I have been on Lupron and Abi since May 2022 and in March 2024 Psa bottomed out at 1.02 and immediately started climbing to where it is now at 6.74. My previous MO, who is now retired, said Xtandi would be next treatment. New MO says chemo because I am still strong and it is needed before Pluvitico which he says is a great drug. I am interested in gaining knowledge about se and whether or not it was effective for you. I would also like to know if you did BAT on your own or under a doctors care. My Uro is ok with my seeking info on BAT but MO is against it because it is not approved. I live 90 min drive from JHU wher Dr Denmeade is and where I can be tested to see if I am a candidate. My Uro is a friend of Denmeade and still teaches at JHU one day a week so I feel confident trusting him to guide me through this. As I said, I am gathering info at present and would only proceed if testing shows a possible benefit. Thanks and God bless, Gary.

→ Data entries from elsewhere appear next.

(* Let $N=(P,T,F,I,O)$ be a pWF net with a transition $t^*$ and a place $p^*$ such that $t^*\bullet=\{p^*\}$, $\bullet p^*=\{t^*\}$, $p^*\notin I\cup O$, and $F\cap(\bullet t^*\times p^*\bullet)=\emptyset$. Let $M$ be the net with input set $I$ and output set $O$ obtained from $N$ by removing $t^*$, $p^*$ and all edges incident to them, and adding all edges in $\bullet t^*\times p^*\bullet$ (preset and postset taken in $N$). Then $M$ is a pWF net, and if $N$ is sub-sound then $M$ is sub-sound.
   Context: Petri nets and markings. A Petri net is a triple $(P,T,F)$ with $P$ a finite set of places, $T$ a finite set of transitions, $P\cap T=\emptyset$, and $F\subseteq (P\times T)\cup(T\times P)$. For a node $x$, $\bullet x=\{y\mid (y,x)\in F\}$, $x\bullet=\{y\mid (x,y)\in F\}$. A marking is a multiset over $P$ (a function $P\to\mathbb N$); sets of places are identified with bags of multiplicity one, $+,-,\le$ are pointwise, and $k.m$ is the sum of $k$ copies of $m$. Transition $t$ is enabled at $m$ iff $\bullet t\le m$, firing gives $m-\bullet t+t\bullet$, and $m\xrightarrow{*}m'$ denotes reachability by a finite (possibly empty) firing sequence. A pWF net is $(P,T,F,I,O)$ with $(P,T,F)$ a Petri net, $I,O\subseteq P$ non-empty (input/output places), every node reachable by a directed path from some node of $I$, and some node of $O$ reachable from every node; input places may have incoming edges and output places outgoing edges. Sub-soundness. A pWF net is sub-sound if for all integers $k\ge k'\ge 0$ and every marking $m'$: if $k.I\xrightarrow{*}m'+k'.O$ then $m'\xrightarrow{*}(k-k').O$. *)

theory Defs
  imports Main
begin

definition petri_net :: "'a set \<Rightarrow> 'a set \<Rightarrow> ('a \<times> 'a) set \<Rightarrow> bool" where
  "petri_net P T F \<longleftrightarrow> finite P \<and> finite T \<and> P \<inter> T = {} \<and> F \<subseteq> (P \<times> T) \<union> (T \<times> P)"

definition preset :: "('a \<times> 'a) set \<Rightarrow> 'a \<Rightarrow> 'a set" where
  "preset F x = {y. (y, x) \<in> F}"

definition postset :: "('a \<times> 'a) set \<Rightarrow> 'a \<Rightarrow> 'a set" where
  "postset F x = {y. (x, y) \<in> F}"

definition pWF :: "'a set \<Rightarrow> 'a set \<Rightarrow> ('a \<times> 'a) set \<Rightarrow> 'a set \<Rightarrow> 'a set \<Rightarrow> bool" where
  "pWF P T F In Out \<longleftrightarrow> petri_net P T F \<and> In \<subseteq> P \<and> Out \<subseteq> P \<and> In \<noteq> {} \<and> Out \<noteq> {} \<and>
     (\<forall>x \<in> P \<union> T. \<exists>i \<in> In. (i, x) \<in> F\<^sup>*) \<and>
     (\<forall>x \<in> P \<union> T. \<exists>q \<in> Out. (x, q) \<in> F\<^sup>*)"

type_synonym 'a marking = "'a \<Rightarrow> nat"

definition is_marking :: "'a set \<Rightarrow> 'a marking \<Rightarrow> bool" where
  "is_marking P m \<longleftrightarrow> (\<forall>p. p \<notin> P \<longrightarrow> m p = 0)"

definition bag :: "'a set \<Rightarrow> 'a marking" where
  "bag A = (\<lambda>p. if p \<in> A then 1 else 0)"

definition smult_mark :: "nat \<Rightarrow> 'a marking \<Rightarrow> 'a marking" where
  "smult_mark k m = (\<lambda>p. k * m p)"

definition enabled :: "('a \<times> 'a) set \<Rightarrow> 'a \<Rightarrow> 'a marking \<Rightarrow> bool" where
  "enabled F t m \<longleftrightarrow> (\<forall>p. bag (preset F t) p \<le> m p)"

definition fire_step :: "'a set \<Rightarrow> ('a \<times> 'a) set \<Rightarrow> 'a marking \<Rightarrow> 'a marking \<Rightarrow> bool" where
  "fire_step T F m m' \<longleftrightarrow> (\<exists>t \<in> T. enabled F t m \<and> m' = (\<lambda>p. m p - bag (preset F t) p + bag (postset F t) p))"

definition reach :: "'a set \<Rightarrow> ('a \<times> 'a) set \<Rightarrow> 'a marking \<Rightarrow> 'a marking \<Rightarrow> bool" where
  "reach T F = (fire_step T F)\<^sup>*\<^sup>*"

definition sub_sound :: "'a set \<Rightarrow> 'a set \<Rightarrow> ('a \<times> 'a) set \<Rightarrow> 'a set \<Rightarrow> 'a set \<Rightarrow> bool" where
  "sub_sound P T F In Out \<longleftrightarrow>
     (\<forall>k k' :: nat. \<forall>m'. k' \<le> k \<longrightarrow> is_marking P m' \<longrightarrow>
        reach T F (smult_mark k (bag In)) (\<lambda>p. m' p + smult_mark k' (bag Out) p) \<longrightarrow>
        reach T F m' (smult_mark (k - k') (bag Out)))"

definition red_flow :: "('a \<times> 'a) set \<Rightarrow> 'a \<Rightarrow> 'a \<Rightarrow> ('a \<times> 'a) set" where
  "red_flow F ts ps =
     {(x, y) \<in> F. x \<notin> {ts, ps} \<and> y \<notin> {ts, ps}} \<union> (preset F ts \<times> postset F ps)"

end

theory Submission
  imports Defs
begin

(* Reachability in M and in N are related by two simulations:
   - backward: the map "absorb", which turns each token on ps back into a copy
     of the preset of ts, sends every step of N to at most one step of M
     (firing ts itself becomes invisible);
   - forward: a step of M from a marking without tokens on ps is a step of N,
     or, for a consumer of ps, the firing of ts followed by that step.
   Connectivity of M follows because every F-path between nodes other than
   ts, ps can bypass the detour "x -> ts -> ps -> t" by the new edge (x, t).
   Sub-soundness of M then follows from that of N: lift the M-run forward,
   apply sub-soundness of N, and bring the completing N-run back by absorb,
   which is the identity on markings without tokens on ps. *)

definition fire :: "('a \<times> 'a) set \<Rightarrow> 'a \<Rightarrow> 'a marking \<Rightarrow> 'a marking" where
  "fire F t m = (\<lambda>p. m p - bag (preset F t) p + bag (postset F t) p)"

lemma fire_step_iff: "fire_step T F m m' \<longleftrightarrow> (\<exists>t \<in> T. enabled F t m \<and> m' = fire F t m)"
  by (simp add: fire_step_def fire_def)

lemma reach_fire: "t \<in> T \<Longrightarrow> enabled F t m \<Longrightarrow> reach T F m (fire F t m)"
  unfolding reach_def by (rule r_into_rtranclp) (auto simp: fire_step_iff)

lemma rtranclp_simulation:
  assumes "R\<^sup>*\<^sup>* x y" and "I x"
    and sim: "\<And>a b. R a b \<Longrightarrow> I a \<Longrightarrow> I b \<and> S\<^sup>*\<^sup>* (f a) (f b)"
  shows "I y \<and> S\<^sup>*\<^sup>* (f x) (f y)"
  using assms(1)
proof induction
  case base
  then show ?case using \<open>I x\<close> by simp
next
  case (step y z)
  then show ?case using sim[of y z] by (auto intro: rtranclp_trans)
qed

Experience with BAT: I have been on... - Advanced Prostate...
Experience with BAT
my lay reaction is why would you consider BAT with rising psa? isnt it the kind of thing started off during undetectable psa so one takes a holiday from the adt, hopes psa stays flat, then re-initiates when it rises? rinse repeat?
The answer to your question is as a cancer patient I will consider everything and choose the treatments with the most benefits and highest QOL.

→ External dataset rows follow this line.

(* Let $K$ be a field and $f\colon R\to S$ a morphism of Zinbiel algebras. If $H^3_{\mathrm{Zinb}}(f,f)=0$, then every $2$-cocycle $\theta_1\in C^2_{\mathrm{Zinb}}(f,f)$ is the infinitesimal of some deformation of $f$.
   Context: A Zinbiel algebra over $K$ is a $K$-vector space $R$ with bilinear product $x\cdot y$ (also written $m_R(x,y)$) satisfying $(x\cdot y)\cdot z=x\cdot(y\cdot z)+x\cdot(z\cdot y)$. A morphism $f\colon R\to S$ is a linear map with $f(x\cdot y)=f(x)\cdot f(y)$. $R$ is a bimodule over itself, $S$ over itself, and $S$ is an $R$-bimodule via $r\cdot s=f(r)\cdot s$, $s\cdot r=s\cdot f(r)$. For a bimodule $A$ over $R$ and $1\le n\le4$, $C^n_{\mathrm{Zinb}}(R,A)=\mathrm{Hom}_K(R^{\otimes n},A)$ with $(d^1\varphi)(x,y)=x\cdot\varphi(y)-\varphi(x\cdot y)+\varphi(x)\cdot y$, $(d^2\varphi)(x,y,z)=x\cdot(\varphi(y,z)+\varphi(z,y))-\varphi(x\cdot y,z)+\varphi(x,y\cdot z+z\cdot y)-\varphi(x,y)\cdot z$, $(d^3\varphi)(x,y,z,w)=x\cdot\{\varphi(y,z,w)-\varphi(z,w,y)+\varphi(z,y,w)-\varphi(w,z,y)\}-\varphi(x\cdot y,z,w)+\varphi(x,y\cdot z+z\cdot y,w)-\varphi(x,y,z\cdot w+w\cdot z)+\varphi(x,y,z)\cdot w$. The deformation complex: $C^0_{\mathrm{Zinb}}(R,S)=0$, $d^0=0$, $C^n_{\mathrm{Zinb}}(f,f)=C^n_{\mathrm{Zinb}}(R,R)\times C^n_{\mathrm{Zinb}}(S,S)\times C^{n-1}_{\mathrm{Zinb}}(R,S)$ ($1\le n\le4$), $d^i_f(\xi;\pi;\varphi)=(d^i\xi;d^i\pi;f\xi-\pi f-d^{i-1}\varphi)$ with $(f\xi)(x_1,\dots)=f(\xi(x_1,\dots))$, $(\pi f)(x_1,\dots)=\pi(f(x_1),\dots)$. $H^3_{\mathrm{Zinb}}(f,f)=\ker d^3_f/\operatorname{im}d^2_f$; a $2$-cocycle is an element of $\ker d^2_f$. A deformation of $f$ is a formal power series $\Theta_t=\sum_{i\ge0}\theta_it^i$ with $\theta_0=(m_R;m_S;f)$ and $\theta_i=(m_{R,i};m_{S,i};f_i)\in C^2_{\mathrm{Zinb}}(f,f)$, such that for $*=R,S$ the bilinear map $M_{*,t}=\sum_i m_{*,i}t^i$ satisfies $M_{*,t}(M_{*,t}(x,y),z)=M_{*,t}(x,M_{*,t}(y,z))+M_{*,t}(x,M_{*,t}(z,y))$ for $x,y,z\in *$, and $F_t=\sum_if_it^i$ satisfies $F_t(M_{R,t}(x,y))=M_{S,t}(F_t(x),F_t(y))$ for $x,y\in R$. Its infinitesimal is $\theta_1$. *)

theory Defs
  imports Complex_Main
begin

text \<open>Vector spaces over a field 'k are types of class ab_group_add equipped with a
  scalar multiplication satisfying the vector_space locale.  Cochains in
  Hom_K(R^{\<otimes>n}, A) are represented as n-linear maps.\<close>

definition zinbiel :: "('a::ab_group_add \<Rightarrow> 'a \<Rightarrow> 'a) \<Rightarrow> bool" where
  "zinbiel m \<longleftrightarrow> (\<forall>x y z. m (m x y) z = m x (m y z) + m x (m z y))"

definition zinb_alg :: "('k::field \<Rightarrow> 'a::ab_group_add \<Rightarrow> 'a) \<Rightarrow> ('a \<Rightarrow> 'a \<Rightarrow> 'a) \<Rightarrow> bool" where
  "zinb_alg s m \<longleftrightarrow> vector_space s \<and>
     (\<forall>x. Vector_Spaces.linear s s (m x)) \<and> (\<forall>y. Vector_Spaces.linear s s (\<lambda>x. m x y)) \<and>
     zinbiel m"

It isn’t what you just described. You described IADT. BAT kills cancer cells by hitting it with a high amount of T after the cancer has adapted to a low T environment. It can also resensitize the cancer to Xtandi or make it more effective if going on it for the first time.
I asked my MO about T supplementation and because my case is advanced very high risk, the answer is a flat no-go.
Have you read the patient's guide to BAT?
onlinelibrary.wiley.com/doi...
The test they've developed is based on genetic mutations so if they think you qualify it seems like it would be worth trying.
One thing I think they've pretty much determined is that Xtandi directly after Abi is generally ineffective. Xtandi after BAT is much more effective, even if BAT itself wasn't. I can dig out the links on the trials/info if you can't find them.
Don't do BAT on your own-- it is dangerous.
Thanks TA. I am only gathering info at present and will not proceed without testing at JH. As I said my Uro is a friend of Denmeade and I live less than 90 min drive from JH. I meet their first two requirements which is no pain and no urinary symptoms. My Uro is going to discuss this with my MO and I’ll proceed after I get all opinions. Pretty sure both think I need another liquid biopsy and genetic testing again.